■ WHAT TO WORK ON
Copy each line of the records that holds the string "formula".

Data extracted from a collection
-- Opening Marker --

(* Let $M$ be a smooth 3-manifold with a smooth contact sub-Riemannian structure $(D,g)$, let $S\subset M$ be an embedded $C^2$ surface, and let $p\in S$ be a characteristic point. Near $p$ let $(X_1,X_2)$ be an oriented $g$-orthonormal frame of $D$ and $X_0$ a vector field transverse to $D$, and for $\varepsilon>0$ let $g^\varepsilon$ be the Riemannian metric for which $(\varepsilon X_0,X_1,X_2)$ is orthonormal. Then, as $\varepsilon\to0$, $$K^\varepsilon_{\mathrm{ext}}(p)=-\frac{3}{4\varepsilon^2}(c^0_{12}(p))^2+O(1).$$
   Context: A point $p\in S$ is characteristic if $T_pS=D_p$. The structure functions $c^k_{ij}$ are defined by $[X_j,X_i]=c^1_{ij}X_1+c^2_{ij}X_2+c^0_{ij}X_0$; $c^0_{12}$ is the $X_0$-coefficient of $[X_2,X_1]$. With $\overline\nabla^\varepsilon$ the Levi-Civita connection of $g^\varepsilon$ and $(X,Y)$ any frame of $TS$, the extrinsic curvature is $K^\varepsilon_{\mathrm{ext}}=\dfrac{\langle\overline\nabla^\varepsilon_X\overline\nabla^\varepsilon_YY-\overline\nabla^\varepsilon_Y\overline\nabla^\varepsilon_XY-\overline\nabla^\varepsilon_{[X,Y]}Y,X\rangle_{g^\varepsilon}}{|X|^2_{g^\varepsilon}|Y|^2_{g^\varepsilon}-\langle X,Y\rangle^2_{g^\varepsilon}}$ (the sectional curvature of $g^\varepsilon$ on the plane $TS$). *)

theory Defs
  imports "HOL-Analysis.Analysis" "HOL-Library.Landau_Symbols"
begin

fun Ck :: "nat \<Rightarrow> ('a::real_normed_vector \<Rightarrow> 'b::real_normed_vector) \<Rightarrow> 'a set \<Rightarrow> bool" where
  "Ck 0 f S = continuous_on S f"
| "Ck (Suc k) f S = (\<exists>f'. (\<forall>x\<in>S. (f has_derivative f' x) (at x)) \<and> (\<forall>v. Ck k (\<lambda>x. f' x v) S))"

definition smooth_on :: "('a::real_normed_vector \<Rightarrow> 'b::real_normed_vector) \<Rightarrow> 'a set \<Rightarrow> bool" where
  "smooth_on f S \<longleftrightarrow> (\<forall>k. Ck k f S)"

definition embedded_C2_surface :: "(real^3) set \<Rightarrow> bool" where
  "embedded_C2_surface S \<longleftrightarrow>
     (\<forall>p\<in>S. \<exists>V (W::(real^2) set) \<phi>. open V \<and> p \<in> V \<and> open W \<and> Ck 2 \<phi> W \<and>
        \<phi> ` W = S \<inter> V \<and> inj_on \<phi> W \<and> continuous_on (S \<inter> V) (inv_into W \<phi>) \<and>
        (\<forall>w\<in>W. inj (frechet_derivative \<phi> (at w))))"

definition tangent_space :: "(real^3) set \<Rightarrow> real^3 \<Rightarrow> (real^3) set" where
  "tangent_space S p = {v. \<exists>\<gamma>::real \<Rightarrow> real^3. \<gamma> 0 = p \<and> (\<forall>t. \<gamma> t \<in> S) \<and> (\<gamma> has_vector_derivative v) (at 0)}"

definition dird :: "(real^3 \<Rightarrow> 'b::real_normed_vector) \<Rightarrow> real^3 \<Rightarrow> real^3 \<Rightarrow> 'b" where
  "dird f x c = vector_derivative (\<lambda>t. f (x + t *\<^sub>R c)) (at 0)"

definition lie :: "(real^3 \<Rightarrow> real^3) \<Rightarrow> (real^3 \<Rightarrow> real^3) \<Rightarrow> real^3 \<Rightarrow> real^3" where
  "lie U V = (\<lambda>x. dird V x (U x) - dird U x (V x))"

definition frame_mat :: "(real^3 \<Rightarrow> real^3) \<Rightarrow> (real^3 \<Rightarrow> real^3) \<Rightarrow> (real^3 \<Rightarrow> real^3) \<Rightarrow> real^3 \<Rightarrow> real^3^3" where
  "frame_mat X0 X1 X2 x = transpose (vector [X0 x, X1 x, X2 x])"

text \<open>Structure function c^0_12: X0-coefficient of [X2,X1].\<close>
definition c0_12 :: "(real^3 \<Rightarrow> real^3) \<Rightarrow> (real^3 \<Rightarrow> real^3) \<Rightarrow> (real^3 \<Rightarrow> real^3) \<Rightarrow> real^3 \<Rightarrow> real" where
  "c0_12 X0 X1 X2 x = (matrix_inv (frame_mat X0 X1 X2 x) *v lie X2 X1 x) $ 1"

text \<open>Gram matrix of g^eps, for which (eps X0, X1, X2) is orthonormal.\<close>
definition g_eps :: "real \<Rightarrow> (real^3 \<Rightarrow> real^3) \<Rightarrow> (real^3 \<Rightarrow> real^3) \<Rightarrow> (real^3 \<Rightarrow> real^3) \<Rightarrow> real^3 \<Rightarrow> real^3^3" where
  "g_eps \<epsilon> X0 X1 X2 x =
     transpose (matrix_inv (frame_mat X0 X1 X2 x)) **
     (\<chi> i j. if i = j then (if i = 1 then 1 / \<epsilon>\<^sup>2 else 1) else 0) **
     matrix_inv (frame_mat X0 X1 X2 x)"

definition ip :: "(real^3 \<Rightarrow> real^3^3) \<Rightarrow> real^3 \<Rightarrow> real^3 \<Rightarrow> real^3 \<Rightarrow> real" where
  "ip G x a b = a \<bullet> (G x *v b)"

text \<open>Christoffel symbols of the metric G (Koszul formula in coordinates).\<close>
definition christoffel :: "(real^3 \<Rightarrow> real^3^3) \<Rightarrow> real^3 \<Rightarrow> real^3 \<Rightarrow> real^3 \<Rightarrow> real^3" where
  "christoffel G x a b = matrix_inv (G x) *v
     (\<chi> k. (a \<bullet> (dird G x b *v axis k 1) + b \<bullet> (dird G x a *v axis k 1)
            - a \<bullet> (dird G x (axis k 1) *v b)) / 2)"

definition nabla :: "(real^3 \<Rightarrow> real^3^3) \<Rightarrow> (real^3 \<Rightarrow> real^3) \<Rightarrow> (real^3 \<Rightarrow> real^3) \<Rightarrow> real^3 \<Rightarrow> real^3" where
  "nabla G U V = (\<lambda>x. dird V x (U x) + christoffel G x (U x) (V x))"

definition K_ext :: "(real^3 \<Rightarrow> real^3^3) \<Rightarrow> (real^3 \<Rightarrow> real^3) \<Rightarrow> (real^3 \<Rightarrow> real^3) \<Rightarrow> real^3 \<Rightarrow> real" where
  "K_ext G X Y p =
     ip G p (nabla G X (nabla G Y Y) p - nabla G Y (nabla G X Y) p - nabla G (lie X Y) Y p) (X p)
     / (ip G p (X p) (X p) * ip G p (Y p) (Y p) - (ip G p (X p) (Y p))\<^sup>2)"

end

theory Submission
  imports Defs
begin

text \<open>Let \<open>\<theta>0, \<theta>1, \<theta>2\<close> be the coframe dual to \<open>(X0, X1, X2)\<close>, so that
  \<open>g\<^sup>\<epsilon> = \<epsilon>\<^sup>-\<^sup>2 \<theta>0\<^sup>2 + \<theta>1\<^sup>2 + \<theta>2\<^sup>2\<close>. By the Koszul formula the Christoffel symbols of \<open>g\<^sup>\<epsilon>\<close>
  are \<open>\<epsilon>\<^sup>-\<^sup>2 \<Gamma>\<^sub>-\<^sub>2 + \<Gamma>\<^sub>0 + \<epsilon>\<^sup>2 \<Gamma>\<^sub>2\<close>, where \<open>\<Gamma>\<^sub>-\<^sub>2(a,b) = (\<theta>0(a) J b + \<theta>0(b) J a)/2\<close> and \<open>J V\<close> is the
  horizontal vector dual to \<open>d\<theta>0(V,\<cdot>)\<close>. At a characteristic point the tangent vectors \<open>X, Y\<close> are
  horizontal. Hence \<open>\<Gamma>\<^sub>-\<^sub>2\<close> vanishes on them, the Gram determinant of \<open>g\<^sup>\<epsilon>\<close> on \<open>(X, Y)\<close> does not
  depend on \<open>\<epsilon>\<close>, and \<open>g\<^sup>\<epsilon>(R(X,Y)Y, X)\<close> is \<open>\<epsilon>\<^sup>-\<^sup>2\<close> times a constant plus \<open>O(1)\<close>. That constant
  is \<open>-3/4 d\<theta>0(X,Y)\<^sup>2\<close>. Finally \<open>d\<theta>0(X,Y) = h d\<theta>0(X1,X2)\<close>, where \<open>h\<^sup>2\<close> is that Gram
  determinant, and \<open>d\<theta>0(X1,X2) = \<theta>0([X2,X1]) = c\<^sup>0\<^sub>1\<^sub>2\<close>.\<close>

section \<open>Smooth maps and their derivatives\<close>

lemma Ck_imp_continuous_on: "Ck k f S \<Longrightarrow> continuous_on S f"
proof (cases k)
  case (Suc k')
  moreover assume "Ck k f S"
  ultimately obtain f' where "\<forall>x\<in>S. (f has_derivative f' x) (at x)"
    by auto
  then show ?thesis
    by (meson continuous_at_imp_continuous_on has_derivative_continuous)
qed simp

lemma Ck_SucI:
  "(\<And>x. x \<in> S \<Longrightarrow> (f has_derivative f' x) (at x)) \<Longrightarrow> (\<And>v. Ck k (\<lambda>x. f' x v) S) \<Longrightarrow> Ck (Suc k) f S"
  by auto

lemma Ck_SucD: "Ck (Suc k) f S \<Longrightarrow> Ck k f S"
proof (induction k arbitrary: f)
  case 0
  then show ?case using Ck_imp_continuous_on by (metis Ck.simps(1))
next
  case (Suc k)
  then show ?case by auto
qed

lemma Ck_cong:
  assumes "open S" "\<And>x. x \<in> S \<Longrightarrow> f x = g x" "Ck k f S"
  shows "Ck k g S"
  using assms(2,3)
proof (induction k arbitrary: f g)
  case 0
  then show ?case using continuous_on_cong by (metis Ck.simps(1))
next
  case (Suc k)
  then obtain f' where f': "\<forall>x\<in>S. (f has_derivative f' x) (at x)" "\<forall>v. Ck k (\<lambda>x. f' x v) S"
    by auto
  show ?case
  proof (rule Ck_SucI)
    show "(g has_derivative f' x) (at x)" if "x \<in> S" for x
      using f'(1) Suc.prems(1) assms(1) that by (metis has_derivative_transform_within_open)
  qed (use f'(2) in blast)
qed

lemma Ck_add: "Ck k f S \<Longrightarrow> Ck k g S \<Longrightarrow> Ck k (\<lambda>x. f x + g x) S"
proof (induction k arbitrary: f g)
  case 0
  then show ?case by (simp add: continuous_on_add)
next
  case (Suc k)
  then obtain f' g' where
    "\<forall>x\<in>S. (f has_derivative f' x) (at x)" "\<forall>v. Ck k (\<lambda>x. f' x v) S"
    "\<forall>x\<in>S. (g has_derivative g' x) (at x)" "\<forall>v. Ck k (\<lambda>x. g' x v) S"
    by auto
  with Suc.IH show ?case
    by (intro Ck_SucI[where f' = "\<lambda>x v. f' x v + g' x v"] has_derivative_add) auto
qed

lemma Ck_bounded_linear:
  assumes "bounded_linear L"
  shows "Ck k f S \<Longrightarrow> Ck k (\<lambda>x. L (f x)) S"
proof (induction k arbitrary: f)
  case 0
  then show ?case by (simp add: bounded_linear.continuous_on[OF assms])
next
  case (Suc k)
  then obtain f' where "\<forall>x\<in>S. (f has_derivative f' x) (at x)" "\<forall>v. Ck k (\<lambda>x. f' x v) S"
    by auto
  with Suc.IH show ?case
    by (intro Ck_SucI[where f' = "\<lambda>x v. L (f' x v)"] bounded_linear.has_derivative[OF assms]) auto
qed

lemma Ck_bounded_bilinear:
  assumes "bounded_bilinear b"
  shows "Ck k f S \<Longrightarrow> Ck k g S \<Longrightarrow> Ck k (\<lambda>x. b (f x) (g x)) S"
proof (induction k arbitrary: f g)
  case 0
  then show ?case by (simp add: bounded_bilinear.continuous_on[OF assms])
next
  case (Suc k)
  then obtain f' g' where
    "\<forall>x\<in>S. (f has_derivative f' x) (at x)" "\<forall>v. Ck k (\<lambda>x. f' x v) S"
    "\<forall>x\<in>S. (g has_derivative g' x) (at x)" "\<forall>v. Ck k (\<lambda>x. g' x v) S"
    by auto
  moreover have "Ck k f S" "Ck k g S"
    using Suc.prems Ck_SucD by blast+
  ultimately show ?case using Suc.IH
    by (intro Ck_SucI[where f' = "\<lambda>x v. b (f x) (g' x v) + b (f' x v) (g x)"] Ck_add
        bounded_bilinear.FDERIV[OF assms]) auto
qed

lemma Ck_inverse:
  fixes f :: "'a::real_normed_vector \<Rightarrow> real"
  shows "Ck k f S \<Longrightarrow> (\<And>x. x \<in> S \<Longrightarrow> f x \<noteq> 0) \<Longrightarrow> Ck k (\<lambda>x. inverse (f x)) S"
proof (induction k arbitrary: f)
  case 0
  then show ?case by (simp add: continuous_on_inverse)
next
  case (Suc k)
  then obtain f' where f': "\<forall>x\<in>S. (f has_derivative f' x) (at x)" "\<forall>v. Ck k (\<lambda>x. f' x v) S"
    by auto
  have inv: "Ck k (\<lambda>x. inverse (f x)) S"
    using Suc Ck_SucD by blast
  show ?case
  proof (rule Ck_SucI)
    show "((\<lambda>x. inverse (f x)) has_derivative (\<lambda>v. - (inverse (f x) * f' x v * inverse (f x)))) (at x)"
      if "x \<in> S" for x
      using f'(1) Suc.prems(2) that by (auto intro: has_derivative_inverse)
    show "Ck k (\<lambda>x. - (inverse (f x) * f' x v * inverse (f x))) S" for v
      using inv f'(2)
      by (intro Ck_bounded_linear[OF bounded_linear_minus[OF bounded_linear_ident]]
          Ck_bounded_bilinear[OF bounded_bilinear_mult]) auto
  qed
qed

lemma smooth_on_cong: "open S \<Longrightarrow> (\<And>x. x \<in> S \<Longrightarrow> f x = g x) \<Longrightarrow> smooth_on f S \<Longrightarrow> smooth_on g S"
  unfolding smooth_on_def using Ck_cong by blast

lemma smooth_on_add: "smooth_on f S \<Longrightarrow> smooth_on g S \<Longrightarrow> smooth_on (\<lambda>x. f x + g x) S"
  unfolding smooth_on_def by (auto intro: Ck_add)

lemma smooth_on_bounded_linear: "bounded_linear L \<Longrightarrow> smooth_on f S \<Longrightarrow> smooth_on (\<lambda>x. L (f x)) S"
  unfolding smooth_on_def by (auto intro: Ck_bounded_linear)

-- Closing Marker --

■ COMPLETED TASK
text \<open>Christoffel symbols of the metric G (Koszul formula in coordinates).\<close>
  \<open>g\<^sup>\<epsilon> = \<epsilon>\<^sup>-\<^sup>2 \<theta>0\<^sup>2 + \<theta>1\<^sup>2 + \<theta>2\<^sup>2\<close>. By the Koszul formula the Christoffel symbols of \<open>g\<^sup>\<epsilon>\<close>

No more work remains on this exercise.